Starting with the line that contains "add: m_def generator_def)" and stopping after the line that contains "assms by simp", return each line below exactly as written, with no others.

** Opening The data block **

text \<open>
  Since \<open>m = tan(\<alpha>/2)\<close> is rational, so are \<open>cos \<alpha>\<close> and \<open>sin \<alpha>\<close>, hence all of
  \<open>s\<^sub>2, s\<^sub>3, s\<^sub>4\<close>. The system is solved by eliminating \<open>s\<^sub>4 = s\<^sub>2 / \<omega>\<^sub>+\<close>: the third
  equation becomes \<open>s\<^sub>2 (\<omega>\<^sub>+\<^sup>2 - 1) = 2 u\<^sub>1 \<omega>\<^sub>- \<omega>\<^sub>+\<close>, i.e. \<open>s\<^sub>2 sin 2\<alpha> = 2 u\<^sub>1 cos 2\<alpha>\<close>.
  Together with \<open>\<omega>\<^sub>+\<^sup>2 + \<omega>\<^sub>-\<^sup>2 = 2\<close> this relation makes the face identity
  \<open>2u\<^sub>1\<^sup>2 + 2u\<^sub>2\<^sup>2 = u\<^sub>3\<^sup>2 + u\<^sub>4\<^sup>2\<close> a polynomial identity. Each \<open>s \<in> (0,1)\<close> gives the
  rational Pythagorean triple \<open>(1, u(s), v(s))\<close>, and clearing denominators yields the box.
\<close>

lemma Rats_common_denominator:
  fixes A :: "real set"
  assumes "finite A" and "A \<subseteq> \<rat>"
  shows "\<exists>d::nat. 0 < d \<and> (\<forall>q\<in>A. real d * q \<in> \<int>)"
  using assms
proof (induction A rule: finite_induct)
  case empty
  show ?case by (intro exI[of _ 1]) auto
next
  case (insert q A)
  then obtain d :: nat where d: "0 < d" "\<forall>r\<in>A. real d * r \<in> \<int>" by auto
  from insert.prems obtain a b :: int where ab: "0 < b" "q = of_int a / of_int b"
    by (auto elim: Rats_cases')
  have "real (d * nat b) * q = of_int (int d * a)" using ab by (simp add: field_simps)
  moreover have "real (d * nat b) * r \<in> \<int>" if "r \<in> A" for r
  proof -
    have "real (d * nat b) * r = of_int b * (real d * r)" using ab by simp
    then show ?thesis using d that by (metis Ints_mult Ints_of_int)
  qed
  ultimately show ?case using d ab by (intro exI[of _ "d * nat b"]) auto
qed

lemma uf_Rats: "s \<in> \<rat> \<Longrightarrow> uf s \<in> \<rat>"
  by (simp add: uf_def)

lemma vf_Rats: "s \<in> \<rat> \<Longrightarrow> vf s \<in> \<rat>"
  by (simp add: vf_def)

lemma uf_pos:
  assumes "0 < s" and "s < 1"
  shows "0 < uf s"
proof -
  have "s^2 < 1" using assms by (simp add: power_less_one_iff)
  then show ?thesis using assms by (simp add: uf_def)
qed

lemma vf_pos: "0 < s \<Longrightarrow> 0 < vf s"
  by (simp add: vf_def add_pos_nonneg)

lemma one_plus_uf_squared: "s \<noteq> 0 \<Longrightarrow> 1 + (uf s)^2 = (vf s)^2"
  by (simp add: uf_def vf_def field_simps power2_eq_square)

lemma cos_eq_generator:
  assumes "1 + cos \<theta> \<noteq> 0"
  shows "cos \<theta> = (1 - (generator \<theta>)^2) / (1 + (generator \<theta>)^2)"
proof -
  define m where "m = generator \<theta>"
  have "m * (1 + cos \<theta>) = sin \<theta>" using assms by (simp add: m_def generator_def)
  then have "m^2 * (1 + cos \<theta>)^2 = (sin \<theta>)^2" by (metis power_mult_distrib)
  also have "\<dots> = (1 - cos \<theta>) * (1 + cos \<theta>)" by (simp add: sin_squared_eq power2_eq_square algebra_simps)
  finally have "(m^2 * (1 + cos \<theta>)) * (1 + cos \<theta>) = (1 - cos \<theta>) * (1 + cos \<theta>)"
    by (simp add: power2_eq_square mult.assoc)
  then have "m^2 * (1 + cos \<theta>) = 1 - cos \<theta>" using assms by simp
  then have "cos \<theta> * (1 + m^2) = 1 - m^2" by (simp add: algebra_simps)
  moreover have "0 < 1 + m^2" by (simp add: add_pos_nonneg)
  ultimately show ?thesis by (simp add: m_def field_simps)
qed

lemma cos_sin_Rats_of_generator:
  assumes "generator \<theta> \<in> \<rat>" and "1 + cos \<theta> \<noteq> 0"
  shows "cos \<theta> \<in> \<rat>" and "sin \<theta> \<in> \<rat>"
proof -
  show cos_rat: "cos \<theta> \<in> \<rat>" using assms by (subst cos_eq_generator) simp_all
  have "sin \<theta> = generator \<theta> * (1 + cos \<theta>)" using assms(2) by (simp add: generator_def)
  then show "sin \<theta> \<in> \<rat>" using assms(1) cos_rat by simp
qed

lemma omega_p_squared: "(omega_p \<alpha>)^2 = 1 + sin (2 * \<alpha>)"
  unfolding omega_p_def sin_double power2_sum by simp

lemma omega_m_squared: "(omega_m \<alpha>)^2 = 1 - sin (2 * \<alpha>)"
  unfolding omega_m_def sin_double power2_diff by simp

lemma omega_m_mult_omega_p: "omega_m \<alpha> * omega_p \<alpha> = cos (2 * \<alpha>)"
  unfolding omega_m_def omega_p_def cos_double by (simp add: power2_eq_square algebra_simps)

lemma leaning_box_system_iff:
  fixes u s2 s3 s4 :: real
  assumes "sin (2 * \<alpha>) \<noteq> 0" and "omega_p \<alpha> \<noteq> 0"
    and "s2 \<noteq> 0" and "s3 \<noteq> 0" and "s4 \<noteq> 0"
  shows "(s2 * s3 = omega_m \<alpha> \<and> s2 * s3 = (s3 * s4) * omega_p \<alpha> \<and>
          s2 * omega_p \<alpha> = 2 * u * omega_m \<alpha> + s4)
     \<longleftrightarrow> (s2 = 2 * u * cot (2 * \<alpha>) \<and> s3 = omega_m \<alpha> / s2 \<and> s4 = s2 / omega_p \<alpha>)"
proof -
  have first: "s2 * s3 = omega_m \<alpha> \<longleftrightarrow> s3 = omega_m \<alpha> / s2"
    using assms by (auto simp: field_simps)
  have second: "s2 * s3 = (s3 * s4) * omega_p \<alpha> \<longleftrightarrow> s4 = s2 / omega_p \<alpha>"
    using assms by (auto simp: field_simps)
  have third: "s2 * omega_p \<alpha> = 2 * u * omega_m \<alpha> + s4 \<longleftrightarrow> s2 = 2 * u * cot (2 * \<alpha>)"
    if s4: "s4 = s2 / omega_p \<alpha>"
  proof -
    have "s2 * omega_p \<alpha> = 2 * u * omega_m \<alpha> + s4
        \<longleftrightarrow> s2 * ((omega_p \<alpha>)^2 - 1) = 2 * u * (omega_m \<alpha> * omega_p \<alpha>)"
      using assms unfolding s4 by (auto simp: field_simps power2_eq_square)
    also have "\<dots> \<longleftrightarrow> s2 * sin (2 * \<alpha>) = 2 * u * cos (2 * \<alpha>)"
      by (simp add: omega_p_squared omega_m_mult_omega_p)
    also have "\<dots> \<longleftrightarrow> s2 = 2 * u * cot (2 * \<alpha>)"
      using assms by (auto simp: cot_def field_simps)
    finally show ?thesis .
  qed
  show ?thesis using first second third by blast
qed
lemma exists_near_regular_graph:
  assumes "k < m"
  shows "\<exists>G. simple_graph m G \<and> (\<forall>i<m. degree m G i \<le> k) \<and>
             (\<Sum>i<m. degree m G i) = 2 * (k * m div 2)"
proof -
  define r where "r = k div 2"
  define C where "C = circulant m (cyc_band m r)"
  have C: "simple_graph m C" "\<And>i. i < m \<Longrightarrow> degree m C i = 2 * r"
    using assms simple_graph_circulant_cyc_band degree_circulant_cyc_band
    by (auto simp: C_def r_def)
  show ?thesis
  proof (cases "even k")
    case True
    then show ?thesis using C by (intro exI[of _ C]) (simp add: r_def)
  next
    case False
    then have k: "k = 2 * r + 1" by (simp add: r_def)
    define h where "h = m div 2"
    define G where "G = (\<lambda>i j. C i j \<or> antipodal_matching m i j)"
    have deg: "degree m G i = 2 * r + of_bool (i < 2 * h)" if "i < m" for i
      using that assms C circulant_cyc_band_antipodal_disjoint[of r m]
      by (simp add: G_def C_def k degree_disj degree_antipodal_matching h_def)
    have "simple_graph m G"
      using C simple_graph_antipodal_matching by (simp add: G_def simple_graph_disj)
    moreover have "\<forall>i<m. degree m G i \<le> k" using deg by (simp add: k)
    moreover have "(\<Sum>i<m. degree m G i) = 2 * (k * m div 2)"
    proof -
      have "(\<Sum>i<m. degree m G i) = (\<Sum>i<m. 2 * r + of_bool (i < 2 * h))"
        using deg by simp
      also have "\<dots> = 2 * r * m + card {..<2 * h}"
        by (simp add: sum.distrib Int_absorb1 h_def flip: lessThan_def)
      also have "\<dots> = 2 * (k * m div 2)"
      proof -
        have "k * m = m + 2 * (r * m)" by (simp add: k algebra_simps)
        then show ?thesis by (simp add: h_def)
      qed
      finally show ?thesis .
    qed
    ultimately show ?thesis by blast
  qed
qed

lemma simple_graph_cone:
  assumes "simple_graph m G"
  shows "simple_graph (Suc m) (cone m G)"
proof -
  have "G i j \<Longrightarrow> i < m \<and> j < m" for i j using assms by (simp add: simple_graph_def)
  then show ?thesis using assms by (auto simp: simple_graph_def cone_def less_Suc_eq)
qed

lemma degree_cone:
  assumes "simple_graph m G" "i < m"
  shows "degree (Suc m) (cone m G) i = degree m G i + 1"
proof -
  have "{j. j < Suc m \<and> cone m G i j} = insert m {j. j < m \<and> G i j}"
    using assms by (auto simp: cone_def simple_graph_def)
  then show ?thesis by (simp add: degree_def)
qed

lemma degree_cone_apex:
  assumes "simple_graph m G"
  shows "degree (Suc m) (cone m G) m = m"
proof -
  have "{j. j < Suc m \<and> cone m G m j} = {..<m}"
    using assms by (auto simp: cone_def simple_graph_def)
  then show ?thesis by (simp add: degree_def)
qed

lemma sum_degree_cone:
  assumes "simple_graph m G"
  shows "(\<Sum>i<Suc m. degree (Suc m) (cone m G) i) = (\<Sum>i<m. degree m G i) + 2 * m"
proof -
  have "(\<Sum>i<Suc m. degree (Suc m) (cone m G) i) = (\<Sum>i<m. degree m G i + 1) + m"
    using degree_cone[OF assms] degree_cone_apex[OF assms] by simp
  then show ?thesis unfolding sum.distrib by simp
qed

lemma realizes_degree_sequence:
  assumes "simple_graph n E"
  shows "realizes E (map (degree n E) [0..<n])"
  using assms by (simp add: realizes_def)

lemma contains_subgraph_degree_mono:
  assumes "contains_subgraph n E h EH"
  obtains f where "inj_on f {0..<h}" "f ` {0..<h} \<subseteq> {0..<n}"
    "\<And>v. v < h \<Longrightarrow> degree h EH v \<le> degree n E (f v)"
proof -
  obtain f where f: "inj_on f {0..<h}" "f ` {0..<h} \<subseteq> {0..<n}"
    "\<And>i j. i < h \<Longrightarrow> j < h \<Longrightarrow> EH i j \<Longrightarrow> E (f i) (f j)"
    using assms by (auto simp: contains_subgraph_def)
  have "degree h EH v \<le> degree n E (f v)" if "v < h" for v
  proof -
    have "inj_on f {u. u < h \<and> EH v u}" using f(1) by (rule inj_on_subset) auto
    then have "degree h EH v = card (f ` {u. u < h \<and> EH v u})"
      by (simp add: degree_def card_image)
    also have "\<dots> \<le> degree n E (f v)"
      unfolding degree_def using f(2,3) that by (intro card_mono) (auto simp: image_subset_iff)
    finally show ?thesis .
  qed
  with f(1,2) show ?thesis by (rule that)
qed

lemma degree_K_p11_singleton_part:
  assumes "v < 2"
  shows "degree (p + 2) (K_p11 p) v = p + 1"
proof -
  have "{j. j < p + 2 \<and> K_p11 p v j} = {0..<p + 2} - {v}"
    using assms by (auto simp: K_p11_def K_p11_part_def)
  then show ?thesis using assms by (simp add: degree_def)
qed

lemma potentially_K_p11_two_large_entries:
  assumes "potentially_graphical (p + 2) (K_p11 p) S"
  shows "\<exists>a b. a \<noteq> b \<and> a < length S \<and> b < length S \<and> p + 1 \<le> S ! a \<and> p + 1 \<le> S ! b"
proof -
  obtain E where E: "realizes E S" "contains_subgraph (length S) E (p + 2) (K_p11 p)"
    using assms by (auto simp: potentially_graphical_def)
  obtain f where f: "inj_on f {0..<p + 2}" "f ` {0..<p + 2} \<subseteq> {0..<length S}"
    "\<And>v. v < p + 2 \<Longrightarrow> degree (p + 2) (K_p11 p) v \<le> degree (length S) E (f v)"
    using contains_subgraph_degree_mono[OF E(2)] by blast
  have large: "f v < length S \<and> p + 1 \<le> S ! f v" if "v < 2" for v
    using that f(2) f(3)[of v] E(1) degree_K_p11_singleton_part[of v p]
    by (auto simp: realizes_def image_subset_iff)
  have "f 0 \<noteq> f 1" using inj_onD[OF f(1), of 0 1] by auto
  then show ?thesis using large[of 0] large[of 1] by auto
qed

** Closing The data block **

◆ **Result of the exercise**:
  have "m * (1 + cos \<theta>) = sin \<theta>" using assms by (simp add: m_def generator_def)
  then have "m^2 * (1 + cos \<theta>)^2 = (sin \<theta>)^2" by (metis power_mult_distrib)
  also have "\<dots> = (1 - cos \<theta>) * (1 + cos \<theta>)" by (simp add: sin_squared_eq power2_eq_square algebra_simps)
  finally have "(m^2 * (1 + cos \<theta>)) * (1 + cos \<theta>) = (1 - cos \<theta>) * (1 + cos \<theta>)"
    by (simp add: power2_eq_square mult.assoc)
  then have "m^2 * (1 + cos \<theta>) = 1 - cos \<theta>" using assms by simp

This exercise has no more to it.